Net sales. Net sales for first nine months of fiscal 2011 increased by 2%, or $3.8 million to $159.5 million from $155.8 million in the first nine months of the prior year. The growth in net sales was primarily attributable to increased unit sales of LC Beads, Nanoknife products, Venacure EVLT procedure kits, vascular access ports and micro access sets offset by an aggregate decrease in average selling prices of 3% and decreased unit sales of dialysis products, Benephit renal infusion products, Habib resection devices and Angiographic catheters.
From a reportable segment perspective, Vascular sales decreased 3% to $111.8 million from $115.6 million. This decrease is primarily attributable to 5% lower average selling prices of Vascular products and decreased unit sales of dialysis products, Benephit renal infusion products and Angiographic catheters, partially offset by increased unit sales of vascular access ports, Venacure EVLT procedure kits, and micro access sets. Oncology/Surgery sales were $47.8 million, an increase of 19% over the prior year primarily as a result of increased unit sales of our LC Beads and Nanoknife products and a 3% increase in average selling prices, partially offset by decreased unit sales of Habib resection devices. Nanoknife sales totaled $4.6 million in the first nine months of fiscal 2011.

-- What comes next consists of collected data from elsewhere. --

lemma pinv_spec_exists: "\<exists>u. pinv_spec y u"
proof -
  obtain a q where aq: "y = G *v a + q" "G *v q = 0" using hermitian_range_kernel_decomp by blast
  obtain b q' where bq: "a = G *v b + q'" "G *v q' = 0" using hermitian_range_kernel_decomp by blast
  have "G *v (G *v b) = G *v a" using bq by (simp add: matrix_vector_right_distrib)
  then have "pinv_spec y (G *v b)" unfolding pinv_spec_def using aq
    by (simp add: matrix_vector_right_distrib matrix_vector_mult_diff_distrib)
  then show ?thesis by blast
qed

lemma pinv_spec_unique:
  assumes "pinv_spec y u1" "pinv_spec y u2"
  shows "u1 = u2"
proof -
  obtain a1 a2 where a: "u1 = G *v a1" "u2 = G *v a2"
    using assms unfolding pinv_spec_def by auto
  have "G *v (G *v (u1 - u2)) = 0"
    using assms unfolding pinv_spec_def by (simp add: matrix_vector_mult_diff_distrib)
  then have "G *v (G *v (G *v (a1 - a2))) = 0" using a by (simp add: matrix_vector_mult_diff_distrib)
  then have "G *v (G *v (a1 - a2)) = 0" by (rule hermitian_kernel_square)
  then have "G *v (a1 - a2) = 0" by (rule hermitian_kernel_square)
  then show ?thesis using a by (simp add: matrix_vector_mult_diff_distrib)
qed

definition pinv_fun :: "complex^'n \<Rightarrow> complex^'n" where
  "pinv_fun y = (SOME u. pinv_spec y u)"

lemma pinv_spec_pinv_fun: "pinv_spec y (pinv_fun y)"
  unfolding pinv_fun_def using pinv_spec_exists by (rule someI_ex)

lemma pinv_fun_eqI: "pinv_spec y u \<Longrightarrow> pinv_fun y = u"
  using pinv_spec_pinv_fun pinv_spec_unique by blast

lemma pinv_fun_add: "pinv_fun (y1 + y2) = pinv_fun y1 + pinv_fun y2"
proof (rule pinv_fun_eqI)
  obtain a1 where a1: "pinv_fun y1 = G *v a1" "G *v (y1 - G *v pinv_fun y1) = 0"
    using pinv_spec_pinv_fun[of y1] unfolding pinv_spec_def by auto
  obtain a2 where a2: "pinv_fun y2 = G *v a2" "G *v (y2 - G *v pinv_fun y2) = 0"
    using pinv_spec_pinv_fun[of y2] unfolding pinv_spec_def by auto
  have "pinv_fun y1 + pinv_fun y2 = G *v (a1 + a2)"
    using a1 a2 by (simp add: matrix_vector_right_distrib)
  moreover have "G *v (y1 + y2 - G *v (pinv_fun y1 + pinv_fun y2))
      = G *v (y1 - G *v pinv_fun y1) + G *v (y2 - G *v pinv_fun y2)"
    by (simp add: matrix_vector_right_distrib matrix_vector_mult_diff_distrib algebra_simps)
  ultimately show "pinv_spec (y1 + y2) (pinv_fun y1 + pinv_fun y2)"
    unfolding pinv_spec_def using a1 a2 by simp
qed

lemma pinv_fun_scale: "pinv_fun (c *s y) = c *s pinv_fun y"
proof (rule pinv_fun_eqI)
  obtain a where a: "pinv_fun y = G *v a" "G *v (y - G *v pinv_fun y) = 0"
    using pinv_spec_pinv_fun[of y] unfolding pinv_spec_def by auto
  have "c *s pinv_fun y = G *v (c *s a)" using a by (simp add: matrix_vector_mult_scale)
  moreover have "G *v (c *s y - G *v (c *s pinv_fun y)) = c *s (G *v (y - G *v pinv_fun y))"
    by (simp add: matrix_vector_mult_scale matrix_vector_mult_diff_distrib vector_ssub_ldistrib)
  ultimately show "pinv_spec (c *s y) (c *s pinv_fun y)" unfolding pinv_spec_def using a by simp
qed

lemma linear_pinv_fun: "Vector_Spaces.linear (*s) (*s) pinv_fun"
  by unfold_locales (simp_all add: pinv_fun_add pinv_fun_scale)

lemma cinner_projection_symmetric:
  assumes "\<And>x. f x \<in> range (\<lambda>a. G *v a) \<and> G *v (x - f x) = 0"
  shows "cinner (f x) y = cinner x (f y)"
proof -
  obtain a where a: "f x = G *v a" using assms[of x] by auto
  obtain b where b: "f y = G *v b" using assms[of y] by auto
  have "cinner (f x) (y - f y) = 0"
    using a assms[of y] hermitian_cinner[of a "y - f y"] by simp
  moreover have "cinner (x - f x) (f y) = 0"
    using b assms[of x] hermitian_cinner[of "x - f x" b] by simp
  ultimately show ?thesis by (simp add: cinner_diff_left cinner_diff_right)
qed

lemma hermitian_penrose_exists: "\<exists>X. penrose G X"
proof -
  define X where "X = matrix pinv_fun"
  have X: "X *v y = pinv_fun y" for y
    unfolding X_def by (rule matrix_works[OF linear_pinv_fun])
  have ker: "G *v (v - pinv_fun (G *v v)) = 0" for v
  proof -
    have "G *v (G *v (v - pinv_fun (G *v v))) = 0"
      using pinv_spec_pinv_fun[of "G *v v"] unfolding pinv_spec_def
      by (simp add: matrix_vector_mult_diff_distrib)
    then show ?thesis by (rule hermitian_kernel_square)
  qed
  have GXG: "G *v (pinv_fun (G *v v)) = G *v v" for v
    using ker[of v] by (simp add: matrix_vector_mult_diff_distrib)
  have XGX: "pinv_fun (G *v pinv_fun y) = pinv_fun y" for y
    by (rule pinv_fun_eqI) (use pinv_spec_pinv_fun[of y] in \<open>simp add: pinv_spec_def\<close>)
  have proj_GX: "\<And>x. G *v pinv_fun x \<in> range (\<lambda>a. G *v a) \<and> G *v (x - G *v pinv_fun x) = 0"
    using pinv_spec_pinv_fun unfolding pinv_spec_def by auto
  have proj_XG: "\<And>x. pinv_fun (G *v x) \<in> range (\<lambda>a. G *v a) \<and> G *v (x - pinv_fun (G *v x)) = 0"
    using pinv_spec_pinv_fun ker unfolding pinv_spec_def by auto
  have "penrose G X"
    unfolding penrose_def
  proof (intro conjI)
    show "G ** X ** G = G" by (simp add: matrix_eq matrix_vector_mul_assoc[symmetric] X GXG)
    show "X ** G ** X = X" by (simp add: matrix_eq matrix_vector_mul_assoc[symmetric] X XGX)
    show "cadj (G ** X) = G ** X"
      by (rule cadj_eq_if_cinner_symmetric)
         (simp add: matrix_vector_mul_assoc[symmetric] X cinner_projection_symmetric[OF proj_GX])
    show "cadj (X ** G) = X ** G"
      by (rule cadj_eq_if_cinner_symmetric)
         (simp add: matrix_vector_mul_assoc[symmetric] X cinner_projection_symmetric[OF proj_XG])
  qed
  then show ?thesis by blast
qed

lemma penrose_hermitian_mp_inverse: "penrose G (mp_inverse G)"
  using hermitian_penrose_exists penrose_mp_inverse by blast

lemma cadj_mp_inverse_hermitian: "cadj (mp_inverse G) = mp_inverse G"
proof -
  let ?X = "mp_inverse G"
  have P1: "G ** ?X ** G = G" and P2: "?X ** G ** ?X = ?X"
    and P3: "cadj (G ** ?X) = G ** ?X" and P4: "cadj (?X ** G) = ?X ** G"
    using penrose_hermitian_mp_inverse by (auto simp: penrose_def)
  have GcX: "G ** cadj ?X = ?X ** G" using P4 hermitian by (simp add: cadj_mult)
  have cXG: "cadj ?X ** G = G ** ?X" using P3 hermitian by (simp add: cadj_mult)
  have "penrose G (cadj ?X)" unfolding penrose_def
  proof (intro conjI)
    show "G ** cadj ?X ** G = G"
      using arg_cong[OF P1, of cadj] hermitian by (simp add: cadj_mult matrix_mul_assoc)
    show "cadj ?X ** G ** cadj ?X = cadj ?X"
      using arg_cong[OF P2, of cadj] hermitian by (simp add: cadj_mult matrix_mul_assoc)
    show "cadj (G ** cadj ?X) = G ** cadj ?X" using GcX P4 by simp
    show "cadj (cadj ?X ** G) = cadj ?X ** G" using cXG P3 by simp
  qed
  then show ?thesis by (rule penrose_unique[OF _ penrose_hermitian_mp_inverse])
qed

lemma mp_inverse_hermitian_commute: "G ** mp_inverse G = mp_inverse G ** G"
proof -
  have "G ** mp_inverse G = cadj (G ** mp_inverse G)"
    using penrose_hermitian_mp_inverse unfolding penrose_def by (elim conjE) (rule sym)
  also have "\<dots> = mp_inverse G ** G"
    by (simp add: cadj_mult cadj_mp_inverse_hermitian hermitian)
  finally show ?thesis .
qed

end

lemma sums_cadj_mult_self_eq_0:
  assumes "(\<lambda>j. cadj (X j) ** X j) sums (0::complex^'b^'b)"
  shows "X j = 0"
proof -
  have "X j $ k $ a = 0" for k a
  proof -
    have diag: "(cadj (X j) ** X j) $ a $ a = complex_of_real (\<Sum>k\<in>UNIV. (cmod (X j $ k $ a))^2)" for j
      unfolding matrix_matrix_mult_nth cadj_nth of_real_sum
      by (intro sum.cong refl) (metis complex_norm_square mult.commute of_real_power)
    have "(\<lambda>j. Re ((cadj (X j) ** X j) $ a $ a)) sums 0"
      using bounded_linear.sums[OF bounded_linear_Re bounded_linear.sums[OF bounded_linear_entry assms]]
      by simp
    then have s: "(\<lambda>j. \<Sum>k\<in>UNIV. (cmod (X j $ k $ a))^2) sums 0" by (simp add: diag)
    have "(\<Sum>k\<in>UNIV. (cmod (X j $ k $ a))^2) = 0"
      using suminf_eq_zero_iff[OF sums_summable[OF s]] sums_unique[OF s]
      by (simp add: sum_nonneg)
    then show ?thesis by (subst (asm) sum_nonneg_eq_0_iff) auto
  qed
  then show ?thesis by (simp add: vec_eq_iff)
qed

lemma mult_cadj_self_eq_0:
  assumes "X ** cadj X = (0::complex^'a^'a)"
  shows "X = 0"
proof -
  have "(\<lambda>j. cadj (cadj X) ** cadj X) sums 0" using assms by simp
  then have "cadj X = 0" by (rule sums_cadj_mult_self_eq_0)
  then show ?thesis by (metis cadj_cadj cadj_zero)
qed

text \<open>\<open>M\<close> and \<open>N\<close> stand for the sequences of Markov parameters, \<open>G\<close> and \<open>H\<close> for the two
  factors of \<open>U\<close>.\<close>

context
  fixes M :: "nat \<Rightarrow> complex^'k^'m" and N :: "nat \<Rightarrow> complex^'l^'m"
    and G :: "complex^'k^'k" and H :: "complex^'l^'k"
  assumes G_sums: "(\<lambda>j. cadj (M j) ** M j) sums G"
    and H_sums: "(\<lambda>j. cadj (M j) ** N j) sums H"
    and outer_eq: "\<And>i j. M i ** cadj (M j) = N i ** cadj (N j)"
begin

lemma gram_hermitian: "cadj G = G"
proof -
  have "(\<lambda>j. cadj (cadj (M j) ** M j)) sums cadj G"
    by (rule bounded_linear.sums[OF bounded_linear_cadj G_sums])
  then show ?thesis using G_sums sums_unique2 by (simp add: cadj_mult)
qed

lemma M_mult_gram_projection: "M i ** (mp_inverse G ** G) = M i"
proof -
  define F where "F = mat 1 - mp_inverse G ** G"
  have "G ** F = 0"
    using penrose_hermitian_mp_inverse[OF gram_hermitian]
    by (simp add: F_def matrix_mult_diff_left penrose_def matrix_mul_assoc)
  then have "cadj F ** G ** F = 0" by (simp add: matrix_mul_assoc[symmetric])
  moreover have "(\<lambda>j. cadj F ** (cadj (M j) ** M j) ** F) sums (cadj F ** G ** F)"
    by (rule bounded_linear.sums[OF bounded_linear_matrix_mult_left
          bounded_linear.sums[OF bounded_linear_matrix_mult_right G_sums]])
  ultimately have "(\<lambda>j. cadj (M j ** F) ** (M j ** F)) sums 0"
    by (simp add: cadj_mult matrix_mul_assoc)
  then have "M i ** F = 0" by (rule sums_cadj_mult_self_eq_0)
  then show ?thesis by (simp add: F_def matrix_mult_diff_left)
qed

lemma gram_square: "G ** G = H ** cadj H"
proof -
  have cadj_H_sums: "(\<lambda>j. cadj (N j) ** M j) sums cadj H"
    using bounded_linear.sums[OF bounded_linear_cadj H_sums] by (simp add: cadj_mult)
  have MG: "M l ** G = N l ** cadj H" for l
  proof -
    have "(\<lambda>j. M l ** (cadj (M j) ** M j)) sums (M l ** G)"
      by (rule bounded_linear.sums[OF bounded_linear_matrix_mult_right G_sums])
    moreover have "(\<lambda>j. N l ** (cadj (N j) ** M j)) sums (N l ** cadj H)"
      by (rule bounded_linear.sums[OF bounded_linear_matrix_mult_right cadj_H_sums])
    ultimately show ?thesis
      using outer_eq by (simp add: sums_iff matrix_mul_assoc)
  qed
  have "(\<lambda>l. cadj (M l) ** (M l ** G)) sums (G ** G)"
    using bounded_linear.sums[OF bounded_linear_matrix_mult_left G_sums]
    by (simp add: matrix_mul_assoc)
  moreover have "(\<lambda>l. cadj (M l) ** N l ** cadj H) sums (H ** cadj H)"
    by (rule bounded_linear.sums[OF bounded_linear_matrix_mult_left H_sums])
  ultimately show ?thesis using MG by (simp add: sums_iff matrix_mul_assoc)
qed

lemma H_mult_cadj_N: "H ** cadj (N j) = G ** cadj (M j)"
proof -
  have "(\<lambda>l. cadj (M l) ** N l ** cadj (N j)) sums (H ** cadj (N j))"
    by (rule bounded_linear.sums[OF bounded_linear_matrix_mult_left H_sums])
  moreover have "(\<lambda>l. cadj (M l) ** M l ** cadj (M j)) sums (G ** cadj (M j))"
    by (rule bounded_linear.sums[OF bounded_linear_matrix_mult_left G_sums])
  moreover have "cadj (M l) ** N l ** cadj (N j) = cadj (M l) ** M l ** cadj (M j)" for l
    using outer_eq[of l j] by (simp add: matrix_mul_assoc[symmetric])
  ultimately show ?thesis by (simp add: sums_iff)
qed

From a geographic perspective, U.S. sales increased $1.7 million or 1% in the first nine months of fiscal 2011 to $140.5 million from $138.8 million a year ago. This increase is primarily attributable to increased unit sales of LC Beads and Nanoknife products offset by a 3% decrease in average selling prices and decreased unit sales of dialysis products, Benephit renal infusion products, Habib resection devices and Angiographic catheters. International sales were $19.0 million in the nine month period ended February 28, 2011, an increase of 12% from $17.0 million in the same period of fiscal 2010. On a constant currency, international sales increased 14% over the prior year period. Increased unit sales of RF Ablation and Nanoknife products comprised the majority of this increase and was partially offset by a decrease in unit sales of VenaCure EVLT products.

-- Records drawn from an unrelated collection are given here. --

lemma phi_explicit_sol_deriv_has_derivative:
  assumes n: "n \<ge> 2" and q: "q > 0" and r: "r > 0"
  shows "((\<lambda>s. phi n (explicit_sol_deriv n q s)) has_real_derivative
           - ((real n - 1) / r) * phi n (explicit_sol_deriv n q r) - B_of n q * exp (explicit_sol n q r)) (at r)"
proof -
  obtain m where m: "n = Suc (Suc m)" using n by (metis add_2_eq_Suc le_Suc_ex)
  define K where "K = (kappa n * q) ^ (n - 1)"
  define E where "E x = 1 + q * x powr alpha n" for x
  have E: "E r > 0" unfolding E_def using q by (simp add: one_plus_mult_powr_pos)
  have dE: "(E has_real_derivative q * (alpha n * r powr (alpha n - 1))) (at r)"
    unfolding E_def[abs_def] using r by (auto intro!: derivative_eq_intros has_real_derivative_powr)
  have phi_eq: "phi n (explicit_sol_deriv n q x) = - K * (x / E x ^ Suc m)" if "x > 0" for x
    using phi_explicit_sol_deriv[OF n q that] m unfolding K_def E_def by simp
  have "real (Suc m) * r * (q * (alpha n * r powr (alpha n - 1)))
      = q * (alpha n * real (Suc m)) * (r * r powr (alpha n - 1))"
    by (simp add: algebra_simps)
  also have "\<dots> = q * real n * r powr alpha n"
    using alpha_mult[OF n] m r by (simp add: powr_diff)
  finally have slope: "real (Suc m) * r * (q * (alpha n * r powr (alpha n - 1))) = real n * (E r - 1)"
    unfolding E_def by simp
  have "((\<lambda>x. - K * (x / E x ^ Suc m)) has_real_derivative
      - K * ((E r - real n * (E r - 1)) / E r ^ Suc (Suc m))) (at r)"
    using DERIV_cmult[OF DERIV_divide_power[OF dE, of m], of "- K"] E unfolding slope by simp
  moreover have "B_of n q * exp (explicit_sol n q r) = real n * K / E r ^ n"
    using q unfolding B_of_def profile_def exp_explicit_sol[OF q] K_def E_def
    by (simp add: field_simps power_mult_distrib)
  moreover have "- K * ((E r - real n * (E r - 1)) / E r ^ Suc (Suc m))
      = - ((real n - 1) / r) * (- K * (r / E r ^ Suc m)) - real n * K / E r ^ n"
    using E r unfolding m by (simp add: field_simps)
  ultimately have "((\<lambda>x. - K * (x / E x ^ Suc m)) has_real_derivative
      - ((real n - 1) / r) * phi n (explicit_sol_deriv n q r) - B_of n q * exp (explicit_sol n q r)) (at r)"
    unfolding phi_eq[OF r] by simp
  then show ?thesis
    by (rule has_field_derivative_transform_within_open[where S="{0<..}"]) (use r phi_eq in auto)
qed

Gross profit. Our gross profit as a percentage of sales was 58.5% in the first nine months of fiscal 2011 compared with 59.1% for the same period in the prior year. In addition to the volume changes described above, the decrease in gross profit percentage was also attributable to 5% lower average selling prices for Vascular products, partially offset by 3% higher average selling prices for Oncology/Surgery products, or a net 3% lower average selling prices in the aggregate.
Research and development expenses. R&D expenses increased by $1.9 million, or 14%, to $15.8 million in the nine month period ended February 28, 2011 compared to the same period in the prior year. The increase is primarily due to increased development, clinical and regulatory expenses for our Oncology/Surgery products and increased process engineering costs for our Vascular products. As a percentage of net sales, R&D expenses were 9.9% for the nine month period ended February 28, 2011, compared with 8.9% for the same prior year period.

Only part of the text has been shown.